Saved data entries

********************

(* Let $\mathcal{T}=(C,B,A)$ and $\mathcal{T}'=(C',B',A')$ be $m\times(n,m,m)$ triples, and define the $m\times(n+2m)$ polynomial matrices $\mathcal{T}(x,y)=[C\ \ xI_m+B\ \ yI_m+A]$ and $\mathcal{T}'(x,y)=[C'\ \ xI_m+B'\ \ yI_m+A']$ in indeterminates $x,y$. Then $\mathcal{T}$ and $\mathcal{T}'$ are feedback similar if and only if there exist nonsingular complex matrices $S\in\mathbb{C}^{m\times m}$ and $R\in\mathbb{C}^{(n+2m)\times(n+2m)}$ such that $S\,\mathcal{T}'(x,y)=\mathcal{T}(x,y)\,R$.
   Context: An $m\times(n,m,m)$ triple is $(C,B,A)$ with $C\in\mathbb{C}^{m\times n}$, $B,A\in\mathbb{C}^{m\times m}$. Two such triples are feedback similar if $[C'\ B'\ A']=S^{-1}[C\ B\ A]\begin{bmatrix}P&V&U\\0&S&0\\0&0&S\end{bmatrix}$ for some $U,V\in\mathbb{C}^{n\times m}$ and nonsingular $P\in\mathbb{C}^{n\times n}$, $S\in\mathbb{C}^{m\times m}$. *)

theory Defs
  imports "Jordan_Normal_Form.Matrix" "HOL-Computational_Algebra.Polynomial"
begin

definition hcat :: "'a mat \<Rightarrow> 'a mat \<Rightarrow> 'a mat" where
  "hcat A B = mat (dim_row A) (dim_col A + dim_col B)
     (\<lambda>(i,j). if j < dim_col A then A $$ (i,j) else B $$ (i, j - dim_col A))"

definition is_triple :: "nat \<Rightarrow> nat \<Rightarrow> complex mat \<Rightarrow> complex mat \<Rightarrow> complex mat \<Rightarrow> bool" where
  "is_triple m n C B A \<longleftrightarrow>
     C \<in> carrier_mat m n \<and> B \<in> carrier_mat m m \<and> A \<in> carrier_mat m m"

text \<open>Feedback similarity:
  [C' B' A'] = S^{-1} [C B A] [[P,V,U],[0,S,0],[0,0,S]], written equivalently as
  S [C' B' A'] = [C B A] [[P,V,U],[0,S,0],[0,0,S]] with S nonsingular.\<close>
definition feedback_similar ::
  "nat \<Rightarrow> nat \<Rightarrow> complex mat \<Rightarrow> complex mat \<Rightarrow> complex mat
       \<Rightarrow> complex mat \<Rightarrow> complex mat \<Rightarrow> complex mat \<Rightarrow> bool" where
  "feedback_similar m n C B A C' B' A' \<longleftrightarrow>
     (\<exists>P S U V. P \<in> carrier_mat n n \<and> invertible_mat P \<and>
        S \<in> carrier_mat m m \<and> invertible_mat S \<and>
        U \<in> carrier_mat n m \<and> V \<in> carrier_mat n m \<and>
        S * hcat C' (hcat B' A') =
          hcat C (hcat B A) *
          four_block_mat P (hcat V U)
            (0\<^sub>m (2*m) n) (four_block_mat S (0\<^sub>m m m) (0\<^sub>m m m) S))"

text \<open>Bivariate polynomials over the complex numbers are modelled as
  complex poly poly: the inner variable is x, the outer variable is y.\<close>
definition const2 :: "complex \<Rightarrow> complex poly poly" where
  "const2 c = [:[:c:]:]"

definition X2 :: "complex poly poly" where "X2 = [:[:0, 1:]:]"
definition Y2 :: "complex poly poly" where "Y2 = [:0, 1:]"

definition triple_pmat ::
  "nat \<Rightarrow> complex mat \<Rightarrow> complex mat \<Rightarrow> complex mat \<Rightarrow> complex poly poly mat" where
  "triple_pmat m C B A =
     hcat (map_mat const2 C)
       (hcat (X2 \<cdot>\<^sub>m 1\<^sub>m m + map_mat const2 B) (Y2 \<cdot>\<^sub>m 1\<^sub>m m + map_mat const2 A))"

end

theory Submission
  imports Defs "Jordan_Normal_Form.Determinant"
begin

text \<open>Write T(x,y) = K + x E_x + y E_y with K = [C B A] and the constant selector
  matrices E_x = [0 I 0], E_y = [0 0 I]. For constant S and R, comparing the coefficients
  of 1, x and y splits S T'(x,y) = T(x,y) R into S K' = K R, S E_x = E_x R and
  S E_y = E_y R. The last two equations say exactly that the last 2m rows of R are
  [0 S 0; 0 0 S], i.e. that R = [P V U; 0 S 0; 0 0 S]; and as det R = det P (det S)^2,
  such an R is nonsingular iff P is.\<close>

lemma hcat_index [simp]:
  "i < dim_row A \<Longrightarrow> j < dim_col A + dim_col B \<Longrightarrow>
   hcat A B $$ (i,j) = (if j < dim_col A then A $$ (i,j) else B $$ (i, j - dim_col A))"
  by (simp add: hcat_def)

lemma dim_hcat [simp]:
  "dim_row (hcat A B) = dim_row A" "dim_col (hcat A B) = dim_col A + dim_col B"
  by (simp_all add: hcat_def)

lemma hcat_carrier_mat:
  "A \<in> carrier_mat r c \<Longrightarrow> B \<in> carrier_mat r d \<Longrightarrow> hcat A B \<in> carrier_mat r (c + d)"
  unfolding carrier_mat_def by auto

definition affine_poly2 :: "'a::zero \<Rightarrow> 'a \<Rightarrow> 'a \<Rightarrow> 'a poly poly" where
  "affine_poly2 a b c = [:[:a, b:], [:c:]:]"

lemma affine_poly2_sum:
  "(\<Sum>k\<in>K. affine_poly2 (a k) (b k) (c k)) = affine_poly2 (sum a K) (sum b K) (sum c K)"
  by (induct K rule: infinite_finite_induct) (auto simp: affine_poly2_def)

lemma smult_affine_poly2:
  "smult [:s:] (affine_poly2 a b c) = affine_poly2 (s * a) (s * b) (s * (c::'a::comm_semiring_1))"
  by (simp add: affine_poly2_def mult.commute)

lemma affine_poly2_eq_iff:
  "affine_poly2 a b c = affine_poly2 a' b' c' \<longleftrightarrow> a = a' \<and> b = b' \<and> c = c'"
  by (simp add: affine_poly2_def)

definition affine_pmat :: "'a::zero mat \<Rightarrow> 'a mat \<Rightarrow> 'a mat \<Rightarrow> 'a poly poly mat" where
  "affine_pmat K0 K1 K2 =
     mat (dim_row K0) (dim_col K0) (\<lambda>ij. affine_poly2 (K0 $$ ij) (K1 $$ ij) (K2 $$ ij))"

lemma const_mat_mult_affine_pmat:
  fixes S :: "'a::comm_semiring_1 mat"
  assumes "S \<in> carrier_mat r r'" and "K0 \<in> carrier_mat r' c" "K1 \<in> carrier_mat r' c" "K2 \<in> carrier_mat r' c"
  shows "map_mat (\<lambda>s. [:[:s:]:]) S * affine_pmat K0 K1 K2 = affine_pmat (S * K0) (S * K1) (S * K2)"
  using assms
  by (intro eq_matI) (auto simp: affine_pmat_def scalar_prod_def smult_affine_poly2 affine_poly2_sum)

lemma affine_pmat_mult_const_mat:
  fixes R :: "'a::comm_semiring_1 mat"
  assumes "R \<in> carrier_mat c c'" and "K0 \<in> carrier_mat r c" "K1 \<in> carrier_mat r c" "K2 \<in> carrier_mat r c"
  shows "affine_pmat K0 K1 K2 * map_mat (\<lambda>s. [:[:s:]:]) R = affine_pmat (K0 * R) (K1 * R) (K2 * R)"
  using assms
  by (intro eq_matI) (auto simp: affine_pmat_def scalar_prod_def smult_affine_poly2 affine_poly2_sum mult.commute)

lemma affine_pmat_eq_iff:
  assumes "K0 \<in> carrier_mat r c" "K1 \<in> carrier_mat r c" "K2 \<in> carrier_mat r c"
    and "L0 \<in> carrier_mat r c" "L1 \<in> carrier_mat r c" "L2 \<in> carrier_mat r c"
  shows "affine_pmat K0 K1 K2 = affine_pmat L0 L1 L2 \<longleftrightarrow> K0 = L0 \<and> K1 = L1 \<and> K2 = L2"
proof
  assume eq: "affine_pmat K0 K1 K2 = affine_pmat L0 L1 L2"
  have "K0 $$ (i,j) = L0 $$ (i,j) \<and> K1 $$ (i,j) = L1 $$ (i,j) \<and> K2 $$ (i,j) = L2 $$ (i,j)"
    if "i < r" "j < c" for i j
    using arg_cong[OF eq, of "\<lambda>M. M $$ (i,j)"] that assms
    by (simp add: affine_pmat_def affine_poly2_eq_iff)
  then show "K0 = L0 \<and> K1 = L1 \<and> K2 = L2"
    using assms by (auto intro!: eq_matI)
qed simp

definition block_selector :: "nat \<Rightarrow> nat \<Rightarrow> nat \<Rightarrow> 'a::{zero,one} mat" where
  "block_selector m k l = hcat (0\<^sub>m m k) (hcat (1\<^sub>m m) (0\<^sub>m m l))"

lemma dim_block_selector [simp]:
  "dim_row (block_selector m k l) = m" "dim_col (block_selector m k l) = k + m + l"
  unfolding block_selector_def by (simp_all only: dim_hcat index_zero_mat index_one_mat add.assoc)

lemma block_selector_carrier_mat: "block_selector m k l \<in> carrier_mat m (k + m + l)"
  by (intro carrier_matI) (simp_all only: dim_block_selector)

lemma row_block_selector:
  "i < m \<Longrightarrow> row (block_selector m k l) i = unit_vec (k + m + l) (k + i)"
  by (intro eq_vecI) (auto simp: block_selector_def unit_vec_def)

lemma col_block_selector:
  "j < k + m + l \<Longrightarrow>
   col (block_selector m k l) j = (if k \<le> j \<and> j < k + m then unit_vec m (j - k) else 0\<^sub>v m)"
  by (intro eq_vecI) (auto simp: block_selector_def unit_vec_def)

lemma block_selector_mult_index:
  fixes R :: "'a::semiring_1 mat"
  assumes "R \<in> carrier_mat (k + m + l) c" "i < m" "j < c"
  shows "(block_selector m k l * R) $$ (i,j) = R $$ (k + i, j)"
  using assms block_selector_carrier_mat[of m k l]
  by (auto simp: row_block_selector scalar_prod_left_unit)

lemma mult_block_selector_index:
  fixes S :: "'a::semiring_1 mat"
  assumes "S \<in> carrier_mat r m" "i < r" "j < k + m + l"
  shows "(S * block_selector m k l) $$ (i,j) = (if k \<le> j \<and> j < k + m then S $$ (i, j - k) else 0)"
  using assms block_selector_carrier_mat[of m k l] by (auto simp: col_block_selector)

lemma triple_pmat_eq_affine_pmat:
  assumes "is_triple m n C B A"
  shows "triple_pmat m C B A =
    affine_pmat (hcat C (hcat B A)) (block_selector m n m) (block_selector m (n + m) 0)"
proof (rule eq_matI)
  fix i j
  assume "i < dim_row (affine_pmat (hcat C (hcat B A)) (block_selector m n m) (block_selector m (n + m) 0))"
    and "j < dim_col (affine_pmat (hcat C (hcat B A)) (block_selector m n m) (block_selector m (n + m) 0))"
  with assms have "i < m" "j < n + m + m" "C \<in> carrier_mat m n" "B \<in> carrier_mat m m" "A \<in> carrier_mat m m"
    by (auto simp: affine_pmat_def is_triple_def)
  then show "triple_pmat m C B A $$ (i, j) =
    affine_pmat (hcat C (hcat B A)) (block_selector m n m) (block_selector m (n + m) 0) $$ (i, j)"
    by (auto simp: triple_pmat_def affine_pmat_def block_selector_def affine_poly2_def
        const2_def X2_def Y2_def pCons_one)
qed (use assms in \<open>auto simp: triple_pmat_def affine_pmat_def is_triple_def\<close>)

lemma commute_block_selector_iff:
  fixes S R :: "'a::semiring_1 mat"
  assumes S: "S \<in> carrier_mat m m" and R: "R \<in> carrier_mat (k + m + l) (k + m + l)"
  shows "S * block_selector m k l = block_selector m k l * R \<longleftrightarrow>
    (\<forall>i<m. \<forall>j<k + m + l. R $$ (k + i, j) = (if k \<le> j \<and> j < k + m then S $$ (i, j - k) else 0))"
proof -
  have "S * block_selector m k l = block_selector m k l * R \<longleftrightarrow>
    (\<forall>i<m. \<forall>j<k + m + l. (S * block_selector m k l) $$ (i, j) = (block_selector m k l * R) $$ (i, j))"
    using S R by (simp add: mat_eq_iff del: index_mult_mat(1))
  then show ?thesis
    by (auto simp: mult_block_selector_index[OF S] block_selector_mult_index[OF R])
qed

definition feedback_mat :: "nat \<Rightarrow> nat \<Rightarrow> 'a::zero mat \<Rightarrow> 'a mat \<Rightarrow> 'a mat \<Rightarrow> 'a mat \<Rightarrow> 'a mat" where
  "feedback_mat m n P V U S =
     four_block_mat P (hcat V U) (0\<^sub>m (2 * m) n) (four_block_mat S (0\<^sub>m m m) (0\<^sub>m m m) S)"

lemma feedback_mat_carrier_mat:
  "P \<in> carrier_mat n n \<Longrightarrow> S \<in> carrier_mat m m \<Longrightarrow>
   feedback_mat m n P V U S \<in> carrier_mat (n + 2 * m) (n + 2 * m)"
  unfolding feedback_mat_def mult_2
  by (intro four_block_carrier_mat) (auto simp: hcat_carrier_mat)

lemma feedback_mat_index:
  assumes "P \<in> carrier_mat n n" "S \<in> carrier_mat m m" "V \<in> carrier_mat n m" "U \<in> carrier_mat n m"
    and "i < n + 2 * m" "j < n + 2 * m"
  shows "feedback_mat m n P V U S $$ (i, j) =
    (if i < n then (if j < n then P $$ (i, j) else if j < n + m then V $$ (i, j - n) else U $$ (i, j - n - m))
     else if i < n + m then (if n \<le> j \<and> j < n + m then S $$ (i - n, j - n) else 0)
     else (if n + m \<le> j then S $$ (i - n - m, j - n - m) else 0))"
  using assms unfolding feedback_mat_def mult_2 by auto

lemma det_feedback_mat:
  fixes P S :: "'a::idom mat"
  assumes "P \<in> carrier_mat n n" "S \<in> carrier_mat m m" "V \<in> carrier_mat n m" "U \<in> carrier_mat n m"
  shows "det (feedback_mat m n P V U S) = det P * det S ^ 2"
proof -
  have "det (four_block_mat S (0\<^sub>m m m) (0\<^sub>m m m) S) = det S ^ 2"
    by (subst det_four_block_mat_lower_left_zero) (use assms in \<open>auto simp: power2_eq_square\<close>)
  with assms show ?thesis
    unfolding feedback_mat_def
    by (subst det_four_block_mat_lower_left_zero[of P n _ "m + m"]) (auto simp: mult_2)
qed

********************

DESCRIPTION OF THE TASK
Check every line above for the word "forall" and copy those that have it.

TASK ANSWER
    (\<forall>i<m. \<forall>j<k + m + l. R $$ (k + i, j) = (if k \<le> j \<and> j < k + m then S $$ (i, j - k) else 0))"
    (\<forall>i<m. \<forall>j<k + m + l. (S * block_selector m k l) $$ (i, j) = (block_selector m k l * R) $$ (i, j))"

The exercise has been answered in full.